A VPC is provisioned in each of these three regions along with VPC peering connections and VPC endpoints for internal communication between resources.
A pipeline is setup via AWS Codepipeline which will clone the test controller's source code, then build/push several services.
These services are a container image for the test controller, a container image used to seed the environment with data for test runs, and the binary used to schedule agents during test runs.
Both of the container images are pushed to AWS ECR registries, and the agent binary is pushed to an S3 bucket.
Seeding initial outputs is handled via an AWS Batch job that when necessary is scheduled by the test controller before a test run.
An AWS Batch compute environment, job definition, and job queue are all provisioned by default to support this.
Upon being schdeuled, agents instances pull the agent binary from S3, then execute it to communicate with the test controller and recieve instructions.
This process for the agents is defined in thier EC2 launch template.
Two AWS Network Load balancers are deployed by the module.
One forwards traffic to the test controller's UI, the other supports communication between agents and the test controller.
A bastion host is provided for troubleshooting the environment as well as pulling down raw test data if you wish to gather your own insights.
To access to the bastion host you can either use ssh, which is configured by this module, or you can use AWS Session Manager.
The module requires that you have Terraform installed.
Specifics about versioning are listed here.
Also useful, but not completely necessary is the AWS CLI.
If you have other Terraform projects with different version requirements, you can manage them with tfenv.
This project is pre-configured to pull the proper terraform version via tfenv.
Simply run tfenv install
.
Docker must be installed and running on your local machine.
You won't need to run any Docker commands, just be sure that it's running.
If you're unfamiliar with Docker and curious, you can take a look at their getting started page.
This module requires you provide an ssh public key which will be used to generate an Amazon EC2 key pair.
AWS can use either ED25519 or 2048-bit SSH-2 RSA keys.
There are a number of third party tools that can be used to generate an approrpiate keypair.
One way is via the ssh-keygen
command provided by OpenSSH.
$ ssh-keygen -t RSA -f /path/to/key/file/id_rsa
Installation for OpenSSH will depend on the OS of your machine.

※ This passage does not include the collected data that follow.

lemma polyfun_holomorphic_on_line: "polyfun p \<Longrightarrow> (\<lambda>t. p (u + t *s v)) holomorphic_on UNIV"
proof (induction rule: polyfun.induct)
  case (pf_coord i)
  show ?case by (simp, intro holomorphic_intros)
qed (auto intro: holomorphic_intros)

lemma polyfun_line_eq_0:
  assumes "polyfun p" and "r > 0" and "\<And>t. t \<in> ball 0 r \<Longrightarrow> p (u + t *s v) = 0"
  shows "p (u + v) = 0"
proof -
  have "p (u + 1 *s v) = 0"
    by (rule analytic_continuation_open[of "ball 0 r" UNIV _ "\<lambda>_. 0",
          OF _ _ _ _ _ polyfun_holomorphic_on_line[OF assms(1)]])
       (use assms(2,3) in auto)
  then show ?thesis by simp
qed

lemma polyfun_line_nonzero_near:
  assumes "polyfun p" and "p u \<noteq> 0" and "u \<noteq> 0"
  obtains r where "r > 0" and "\<And>t. t \<in> ball 0 r \<Longrightarrow> p (u + t *s v) \<noteq> 0 \<and> u + t *s v \<noteq> 0"
proof -
  have "continuous_on UNIV (\<lambda>t. p (u + t *s v))"
    using polyfun_holomorphic_on_line[OF assms(1)] holomorphic_on_imp_continuous_on by blast
  moreover have "(\<lambda>t::complex. u + t *s v) = (\<lambda>t. \<chi> k. u $ k + t * v $ k)"
    by (auto simp: vec_eq_iff)
  then have "continuous_on UNIV (\<lambda>t::complex. u + t *s v)"
    by (simp only:) (intro continuous_intros)
  ultimately have "open ({t. p (u + t *s v) \<noteq> 0} \<inter> {t. u + t *s v \<noteq> 0})"
    by (intro open_Int open_Collect_neq continuous_on_const)
  moreover have "0 \<in> {t. p (u + t *s v) \<noteq> 0} \<inter> {t. u + t *s v \<noteq> 0}"
    using assms(2,3) by simp
  ultimately obtain r where "r > 0" "ball 0 r \<subseteq> {t. p (u + t *s v) \<noteq> 0} \<inter> {t. u + t *s v \<noteq> 0}"
    using open_contains_ball by blast
  then show ?thesis using that by blast
qed

text \<open>If V - {0} = Y1 \<union> Y2 properly, take u outside Y1 and w outside Y2. Near u the line
  through u and w avoids Y1, so an equation of Y2 not vanishing at w vanishes on an open piece of
  that line, hence on all of it by analytic continuation.\<close>

lemma irreducible_closed_punctured_subspace:
  fixes V :: "(complex^'n) set"
  assumes V: "vec.subspace V" and "V \<noteq> {0}" and closed: "zariski_closed (V - {0})"
  shows "irreducible_closed (V - {0})"
  unfolding irreducible_closed_def
proof (intro conjI allI impI)
  show "V - {0} \<noteq> {}" using assms(2) vec.subspace_0[OF V] by blast
  fix Y1 Y2 :: "(complex^'n) set"
  assume Y: "zariski_closed Y1 \<and> zariski_closed Y2 \<and> V - {0} = Y1 \<union> Y2"
  show "V - {0} = Y1 \<or> V - {0} = Y2"
  proof (rule ccontr)
    assume "\<not> (V - {0} = Y1 \<or> V - {0} = Y2)"
    then obtain u w where u: "u \<in> V - {0}" "u \<notin> Y1" and w: "w \<in> V - {0}" "w \<notin> Y2"
      using Y by blast
    obtain S1 where S1: "\<forall>p\<in>S1. hom_poly p" "Y1 = proj_zero_set S1"
      using Y unfolding zariski_closed_def by blast
    obtain S2 where S2: "\<forall>p\<in>S2. hom_poly p" "Y2 = proj_zero_set S2"
      using Y unfolding zariski_closed_def by blast
    obtain p1 where p1: "p1 \<in> S1" "p1 u \<noteq> 0"
      using u S1(2) unfolding proj_zero_set_def by auto
    obtain p2 where p2: "p2 \<in> S2" "p2 w \<noteq> 0"
      using w S2(2) unfolding proj_zero_set_def by auto
    have "polyfun p1" "polyfun p2"
      using S1(1) S2(1) p1(1) p2(1) unfolding hom_poly_def by auto
    obtain r where r: "r > 0"
      "\<And>t. t \<in> ball 0 r \<Longrightarrow> p1 (u + t *s (w - u)) \<noteq> 0 \<and> u + t *s (w - u) \<noteq> 0"
      using polyfun_line_nonzero_near[OF \<open>polyfun p1\<close> p1(2), of "w - u"] u by blast
    have "p2 (u + t *s (w - u)) = 0" if t: "t \<in> ball 0 r" for t
    proof -
      have "u \<in> V" "w \<in> V" using u w by auto
      then have "u + t *s (w - u) \<in> V"
        by (metis vec.subspace_add[OF V] vec.subspace_scale[OF V] vec.subspace_diff[OF V])
      moreover have "u + t *s (w - u) \<notin> Y1"
        using r(2)[OF t] p1 S1(2) unfolding proj_zero_set_def by auto
      ultimately have "u + t *s (w - u) \<in> Y2" using r(2)[OF t] Y by blast
      then show ?thesis using p2(1) S2(2) unfolding proj_zero_set_def by auto
    qed
    then have "p2 (u + (w - u)) = 0" by (rule polyfun_line_eq_0[OF \<open>polyfun p2\<close> r(1)])
    then show False using p2(2) by simp
  qed
qed (use closed in simp)

lemma pimg_eq_image:
  assumes "G ` Z = Y" and "\<And>t y. t \<noteq> 0 \<Longrightarrow> y \<in> Y \<Longrightarrow> t *s y \<in> Y"
  shows "pimg G Z = Y"
  unfolding pimg_def using assms by (force intro: exI[of _ 1])

lemma fixed_point_in_pimg_iterate: "v \<in> Z \<Longrightarrow> G v = v \<Longrightarrow> v \<in> (pimg G ^^ k) Z"
  by (induction k) (force simp: pimg_def intro: exI[of _ 1])+

lemma dyn_improper_if_components_contain_fixed_points:
  assumes "\<And>Z. irr_component Z X \<Longrightarrow> \<exists>v\<in>Z. F v = v"
  shows "dyn_improper F X"
  unfolding dyn_improper_def improper_def
proof (intro allI impI)
  fix r :: nat and Z assume "irr_component Z X"
  then obtain v where v: "v \<in> Z" "F v = v" using assms by blast
  have "(F ^^ r) v = v" by (induction r) (simp_all add: v(2))
  then have "v \<in> (\<Inter>k\<in>{..<CARD('n)}. (pimg (F ^^ r) ^^ id k) Z)"
    using fixed_point_in_pimg_iterate[OF v(1)] by simp
  then show "\<exists>i::nat \<Rightarrow> nat. (\<forall>k. Suc k < CARD('n) \<longrightarrow> i k < i (Suc k)) \<and>
      (\<Inter>k\<in>{..<CARD('n)}. (pimg (F ^^ r) ^^ i k) Z) \<noteq> {}"
    by (intro exI[of _ id]) auto
qed

section \<open>The coordinate hyperplanes\<close>

definition coord_hyperplane :: "'n \<Rightarrow> (complex^'n) set" where
  "coord_hyperplane i = {x. x \<noteq> 0 \<and> x $ i = 0}"

definition coord_hyperplanes_union :: "(complex^'n) set" where
  "coord_hyperplanes_union = {x. x \<noteq> 0 \<and> (\<Prod>i\<in>UNIV. x $ i) = 0}"

lemma ex_index_notin:
  assumes "card S < CARD('n::finite)"
  shows "\<exists>j::'n. j \<notin> S"
proof (rule ccontr)
  assume "\<nexists>j. j \<notin> S"
  then have "S = UNIV" by blast
  then show False using assms by simp
qed

lemma zariski_closed_coord_hyperplane: "zariski_closed (coord_hyperplane i)"
proof -
  have "coord_hyperplane i = proj_zero_set {\<lambda>x. x $ i}"
    unfolding coord_hyperplane_def proj_zero_set_def by auto
  then show ?thesis unfolding zariski_closed_def using hom_poly_coord by blast
qed

lemma irreducible_coord_hyperplane:
  assumes "CARD('n::finite) \<ge> 2"
  shows "irreducible_closed (coord_hyperplane (i::'n))"
proof -
  obtain j :: 'n where "j \<noteq> i" using ex_index_notin[of "{i}"] assms by auto
  have eq: "coord_hyperplane i = {x. x $ i = 0} - {0}"
    unfolding coord_hyperplane_def by blast
  have "vec.subspace {x::complex^'n. x $ i = 0}" by (auto simp: vec.subspace_def)
  moreover have "axis j 1 \<in> {x::complex^'n. x $ i = 0}" "axis j (1::complex) \<noteq> 0"
    using \<open>j \<noteq> i\<close> by (auto simp: axis_def vec_eq_iff)
  then have "{x::complex^'n. x $ i = 0} \<noteq> {0}" by blast
  ultimately show ?thesis
    unfolding eq using zariski_closed_coord_hyperplane[of i, unfolded eq]
    by (rule irreducible_closed_punctured_subspace)
qed

lemma coord_hyperplane_subset_iff:
  "coord_hyperplane i \<subseteq> coord_hyperplane (j::'n::finite) \<longleftrightarrow> i = j"
proof
  assume sub: "coord_hyperplane i \<subseteq> coord_hyperplane j"
  show "i = j"
  proof (rule ccontr)
    assume "i \<noteq> j"
    define v :: "complex^'n" where "v = (\<chi> k. if k = i then 0 else 1)"
    have "v \<in> coord_hyperplane i" "v \<notin> coord_hyperplane j"
      using \<open>i \<noteq> j\<close> unfolding v_def coord_hyperplane_def by (auto simp: vec_eq_iff)
    then show False using sub by blast
  qed
qed simp

lemma irreducible_closed_subset_coord_hyperplane:
  fixes Z :: "(complex^'n::finite) set"
  assumes Z: "irreducible_closed Z"
  shows "finite J \<Longrightarrow> Z \<subseteq> {x. (\<Prod>j\<in>J. x $ j) = 0} \<Longrightarrow> \<exists>j\<in>J. Z \<subseteq> coord_hyperplane j"
proof (induction J rule: finite_induct)
  case empty
  then show ?case using Z unfolding irreducible_closed_def by auto
next
  case (insert i J)
  have "Z \<subseteq> {x. x $ i = 0} \<or> Z \<subseteq> {x. (\<Prod>j\<in>J. x $ j) = 0}"
    using insert.prems insert.hyps
    by (intro irreducible_closed_subset_zero_set_mult[OF Z hom_poly_coord hom_poly_prod_coords[OF insert.hyps(1)]]) auto
  moreover have "0 \<notin> Z"
    using Z zariski_closed_nonzero unfolding irreducible_closed_def by blast
  ultimately show ?case using insert.IH unfolding coord_hyperplane_def by blast
qed

lemma irr_component_coord_hyperplanes_union_iff:
  assumes "CARD('n::finite) \<ge> 2"
  shows "irr_component Z (coord_hyperplanes_union :: (complex^'n) set)
    \<longleftrightarrow> (\<exists>i. Z = coord_hyperplane i)"
proof -
  have sub: "coord_hyperplane i \<subseteq> coord_hyperplanes_union" for i :: 'n
    unfolding coord_hyperplane_def coord_hyperplanes_union_def by auto
  have cover: "\<exists>i. W \<subseteq> coord_hyperplane i"
    if "irreducible_closed W" "W \<subseteq> coord_hyperplanes_union" for W :: "(complex^'n) set"
    using irreducible_closed_subset_coord_hyperplane[OF that(1), of UNIV] that(2)
    unfolding coord_hyperplanes_union_def by auto
  show ?thesis
  proof
    assume comp: "irr_component Z coord_hyperplanes_union"
    then obtain i where "Z \<subseteq> coord_hyperplane i"
      using cover unfolding irr_component_def by blast
    moreover have "\<forall>W. irreducible_closed W \<and> Z \<subseteq> W \<and> W \<subseteq> coord_hyperplanes_union \<longrightarrow> W = Z"
      using comp unfolding irr_component_def by blast
    ultimately have "coord_hyperplane i = Z"
      using irreducible_coord_hyperplane[OF assms, of i] sub[of i] by blast
    then show "\<exists>i. Z = coord_hyperplane i" by blast
  next
    assume "\<exists>i. Z = coord_hyperplane i"
    then obtain i where Z: "Z = coord_hyperplane i" by blast
    have maximal: "W = coord_hyperplane i"
      if W: "irreducible_closed W" "coord_hyperplane i \<subseteq> W" "W \<subseteq> coord_hyperplanes_union" for W
    proof -
      obtain k where k: "W \<subseteq> coord_hyperplane k" using cover W(1,3) by blast
      with W(2) have "coord_hyperplane i \<subseteq> coord_hyperplane k" by (rule subset_trans)
      then have "i = k" by (simp only: coord_hyperplane_subset_iff)
      with k W(2) show ?thesis by blast
    qed
    show "irr_component Z coord_hyperplanes_union"
      unfolding irr_component_def Z
      using irreducible_coord_hyperplane[OF assms, of i] sub[of i] maximal by blast
  qed
qed

section \<open>The twisted power map\<close>

definition twisted_power_map :: "'n \<Rightarrow> 'n \<Rightarrow> complex \<Rightarrow> nat \<Rightarrow> complex^'n \<Rightarrow> complex^'n" where
  "twisted_power_map a b c d x = (\<chi> i. if i = a then x $ a ^ d + c * x $ b ^ d else x $ i ^ d)"

lemma has_field_derivative_power_coord:
  "((\<lambda>t::complex. (u + (if k = j then t else 0)) ^ d) has_field_derivative
    (if k = j then of_nat d * u ^ (d - 1) else 0)) (at 0)"
proof (cases "k = j")
  case True
  have "((\<lambda>t::complex. (u + t) ^ d) has_field_derivative of_nat d * (u + 0) ^ (d - 1) * 1) (at 0)"
    by (intro derivative_eq_intros) auto
  then show ?thesis using True by simp
qed simp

- On MacOS OpenSSH should be installed by default.
- On Windows you may need to follow addional steps.
- On Ubuntu/Debian/Linux Mint:
$ sudo apt-get install openssh-client
- On RHEL/Centos/Fedora:
$ sudo yum -y install openssh-clients
After doing so, provide the contents of the public key (id_rsa.pub
) file to the module's public_key
var.
The ssh private key should remain private.
New Domain - Currently, the test controller requires that you own a domain with a registrar and a hosted zone configured in Route53.
The name of the hosted zone should be set as the base_domain
var and the necessary DNS records will be created by this Terraform module.
If you don't currently own a domain, you can purchase one via the Route53 registrar, doing so creates a hosted zone in Route53 automatically.
This is our recommended approach.
BYO Domain - If you already own a domain that you wish to use you can do so, however you'll still need to create a hosted zone in Route53.
The module output route53_endpoints.name_servers
will provide a list of name servers associated with the hosted zone.
Use these to delegate DNS resolution for the domain to Route53.
Usually this is done by creating an NS record wherever the base domain is hosted.
For BYO domains, we recommend using a sub-domain (test.foo.com) as base_domain rather than using a top level domain (foo.com) and delegating name server resolution to route53 for that subdomain.
This module will create several certificates in AWS Certificate Manager which use DNS for validation.
Be sure that your base domain is updated before you run terraform apply
or else the certificates will fail to validate.
Once deployed, this module will create a pipeline in AWS Codepipeline, which builds and pushes several container images related to the test controller.
In order to perform this Codepipeline will clone the test controller codebase.
Codepipeline must be connected to a Github account to clone from a Github repo.
A personal access token should be passed to codepipeline for authentication.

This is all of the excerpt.